Further down the page, you can also specify the EC2 security group. It acts as a virtual firewall around your cluster and controls all inbound and outbound traffic of your cluster nodes. A default EMR-managed security group is created automatically for your new cluster, and you can edit the network rules in the security group after the cluster is created. Follow the instructions in the AWS documentation on how to work with EMR-managed security groups.
If needed, add your IP to the Inbound rules to enable access to the cluster. To make some AWS services accessible from KNIME Analytics Platform, you need to enable specific ports of the EMR master node. For example, Hive is accessible via port 10000. -
Click Create cluster and the cluster will be launched. It might take a few minutes until all the resources are available. You know the cluster is ready when there is a Waiting sign beside the cluster name (see Figure 6).
Figure 6. Cluster is ready
Connect to S3
You will need the Amazon Authentication node and Amazon S3 Connector node to create a connection to Amazon S3 from within KNIME Analytics Platform. For more details, please check out the new KNIME File Handling Guide.
You can check whether a connection can be successfully established by clicking on the Test connection button in the configuration dialog of the Amazon Authentication node.

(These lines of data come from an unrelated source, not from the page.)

theorem lemma4p7:
  fixes \<Omega> :: "(real^'n) set" and F :: "real^'n \<Rightarrow> real^'n \<Rightarrow> real"
    and \<phi> :: "real^'n \<Rightarrow> real" and f :: "real \<Rightarrow> real"
  assumes funk: "funk_metric_space \<Omega> F"
    and mink: "minkowski_norm \<phi>"
    and bd: "frontier \<Omega> = {v. \<phi> v = 1}"
    and FF: "\<forall>x\<in>\<Omega>. \<forall>y. F x y = \<phi> (y + F x y *\<^sub>R x)"
    and Om: "\<Omega> = {v. \<phi> v < 1}"
    and fmeas: "f \<in> borel_measurable borel"
    and fint: "set_integrable lborel \<Omega> (\<lambda>x. f (\<phi> x))"
  shows "integral\<^sup>L (BH_measure \<Omega> F) (\<lambda>x. f (\<phi> x))
           = real CARD('n) * omega TYPE('n) * (LBINT t=0..1. f t * t ^ (CARD('n) - 1))
       \<and> real CARD('n) * omega TYPE('n) * (LBINT t=0..1. f t * t ^ (CARD('n) - 1))
           = real CARD('n) * omega TYPE('n) *
             (LBINT r=0..\<infinity>. f (1 - exp (- r)) * exp (- r) * (1 - exp (- r)) ^ (CARD('n) - 1))"
proof -
  have bdd: "bounded {v. \<phi> v < 1}"
    using funk unfolding funk_metric_space_def Om by auto
  have "(\<lambda>x. f (\<phi> x)) \<in> borel_measurable borel"
    using borel_measurable_minkowski_norm[OF mink] fmeas by measurable
  then have "integral\<^sup>L (BH_measure \<Omega> F) (\<lambda>x. f (\<phi> x))
      = CARD('n) * omega TYPE('n) * (LBINT t=0..1. f t * t ^ (CARD('n) - 1))"
    using integral_BH_measure_funk[OF funk] convex_minkowski_norm_sublevel[OF mink]
      set_integral_minkowski_norm[OF mink bdd fmeas] measure_minkowski_norm_sublevel_pos[OF mink bdd]
    unfolding Om by simp
  moreover have "set_integrable lborel {0<..<1} (\<lambda>t. f t * t ^ (CARD('n) - 1))"
    using set_integrable_minkowski_norm[OF mink bdd fmeas fint[unfolded Om]]
    by (rule set_integrable_subset) auto
  moreover have "(\<lambda>t. f t * t ^ (CARD('n) - 1)) \<in> borel_measurable borel"
    using fmeas by measurable
  ultimately show ?thesis
    using interval_integral_exp_substitution[of "\<lambda>t. f t * t ^ (CARD('n) - 1)"] by (simp add: ac_simps)
qed

end
(* Let $\eta>0$. For all sufficiently large $\ell$, the fundamental eigenvalue $\omega_\ell^2$ satisfies $$\frac{k^2}{2}\le\frac{\omega_\ell^2}{\ell(\ell+1)}\le k^2+\eta.$$
   Context: Fix $M>0$, $k>0$; $\Delta(r)=r^2+k^2r^4-2Mr$, $w:=\Delta/r^4$, viewed as a function of $r^\star$ defined by $dr^\star/dr=r^2/\Delta$, $r^\star(r=+\infty)=\pi/2$; $r^\star_{3M}=r^\star(r=3M)$; prime is $d/dr^\star$. For $\ell\ge2$, $\omega_\ell^2$ is defined as $$\omega_\ell^2=\inf_{R\in H^1_0((r^\star_{3M},\pi/2])\setminus\{0\}}\frac{\int_{r^\star_{3M}}^{\pi/2}\big((R')^2+w(\ell(\ell+1)-\frac{6M}{r})R^2\big)dr^\star+\frac{6Mk^2}{\ell(\ell+1)-2}R(\frac\pi2)^2}{\int_{r^\star_{3M}}^{\pi/2}R^2\,dr^\star+\frac{12M}{\ell(\ell+1)(\ell(\ell+1)-2)}R(\frac\pi2)^2},$$ where $H^1_0((r^\star_{3M},\pi/2])$ is the $H^1$-closure of smooth functions compactly supported in $(r^\star_{3M},\pi/2]$; this infimum is attained and is the lowest eigenvalue of $\omega^2R=-R''+w(\ell(\ell+1)-\frac{6M}{r})R$, $R(r^\star_{3M})=0$, $(-2\omega^2R+\frac{\ell(\ell+1)(\ell(\ell+1)-2)}{6M}R'+k^2\ell(\ell+1)R)(\pi/2)=0$. *)

theory Defs
  imports "HOL-Analysis.Analysis"
begin

definition Delta :: "real \<Rightarrow> real \<Rightarrow> real \<Rightarrow> real" where
  "Delta M k r = r^2 + k^2 * r^4 - 2 * M * r"

definition wr :: "real \<Rightarrow> real \<Rightarrow> real \<Rightarrow> real" where
  "wr M k r = Delta M k r / r^4"

text \<open>tortoise coordinate: dr*/dr = r^2/Delta, r*(+infinity) = pi/2, i.e.
  r*(r) = pi/2 - integral over [r,infinity) of s^2/Delta(s)\<close>
definition rstar :: "real \<Rightarrow> real \<Rightarrow> real \<Rightarrow> real" where
  "rstar M k r = pi / 2 - integral {r..} (\<lambda>s. s^2 / Delta M k s)"

definition r_of :: "real \<Rightarrow> real \<Rightarrow> real \<Rightarrow> real" where
  "r_of M k x = (THE r. r \<ge> 3 * M \<and> rstar M k r = x)"

definition rstar3M :: "real \<Rightarrow> real \<Rightarrow> real" where
  "rstar3M M k = rstar M k (3 * M)"
lemma derived_subset: "lie_ideal scale br L K \<Longrightarrow> derived K \<subseteq> K"
  unfolding derived_def
  by (intro span_minimal) (auto intro: lie_ideal_bracket_left lie_ideal_subspace dest: lie_ideal_subset)

lemma lie_ideal_derived:
  assumes K: "lie_ideal scale br L K"
  shows "lie_ideal scale br L (derived K)"
  unfolding lie_ideal_def submod_iff_subspace
proof (intro conjI ballI)
  show "derived K \<subseteq> L" using derived_subset[OF K] lie_ideal_subset[OF K] by blast
  show "subspace (derived K)" by (simp add: derived_def)
  fix y x assume y: "y \<in> L" and x: "x \<in> derived K"
  have "br y ` derived K \<subseteq> derived K"
  proof (rule derived_map_subset[OF module_hom_bracket_right])
    fix a b assume a: "a \<in> K" and b: "b \<in> K"
    have "br (br y a) b \<in> derived K" "br a (br y b) \<in> derived K"
      using a b lie_ideal_bracket_left[OF K y] unfolding derived_def by (blast intro: span_base)+
    then show "br y (br a b) \<in> derived K"
      unfolding bracket_leibniz[of y a b] derived_def by (rule span_add)
  qed (simp add: derived_def)
  then show "br y x \<in> derived K" using x by blast
qed

lemma bracket_derived_subset:
  assumes K: "lie_ideal scale br L K" and z: "\<And>a. a \<in> K \<Longrightarrow> br z a \<in> L"
  shows "br z ` derived K \<subseteq> K"
proof (rule derived_map_subset[OF module_hom_bracket_right lie_ideal_subspace[OF K]])
  fix a b assume a: "a \<in> K" and b: "b \<in> K"
  have "br (br z a) b \<in> K" "br a (br z b) \<in> K"
    using a b z lie_ideal_bracket_left[OF K] lie_ideal_bracket_right[OF K] by blast+
  then show "br z (br a b) \<in> K"
    unfolding bracket_leibniz[of z a b] by (rule subspace_add[OF lie_ideal_subspace[OF K]])
qed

A new pop-up window will appear showing the connection information in the format of s3://accessKeyId@region and whether a connection is successfully created. |
After the connection to Amazon S3 is established, you can then use a variety of the KNIME file handling nodes to manage files on Amazon S3 (see Figure 7).
The KNIME file handling nodes are available in the node repository under IO. |
For more information on Amazon S3, please check out the AWS Documentation. |
An example workflow on how to connect and work with remote files on S3 is available on KNIME Hub. |
Execute Spark jobs on an EMR cluster
This section describes how to configure and run a Spark job on an EMR cluster from within KNIME Analytics Platform. Before running a Spark job on an EMR cluster, a Spark context has to be created. To create a Spark context via Livy, use the Create Spark Context (Livy) node.
Create Spark Context (Livy) node
The Create Spark Context (Livy) node creates a Spark context via Apache Livy. The node has a remote connection port (blue) as input. The idea is that this node needs to have access to a remote file system to store temporary files between KNIME and the Spark context.
A wide array of file systems are supported, such as HDFS, webHDFS, httpFS, Amazon S3, Azure Blob Store, and Google Cloud Storage. However, please note that using, e.g HDFS is complicated on a remote cluster because the storage is located on the cluster, hence any data that is stored there will be lost as soon as the cluster is terminated.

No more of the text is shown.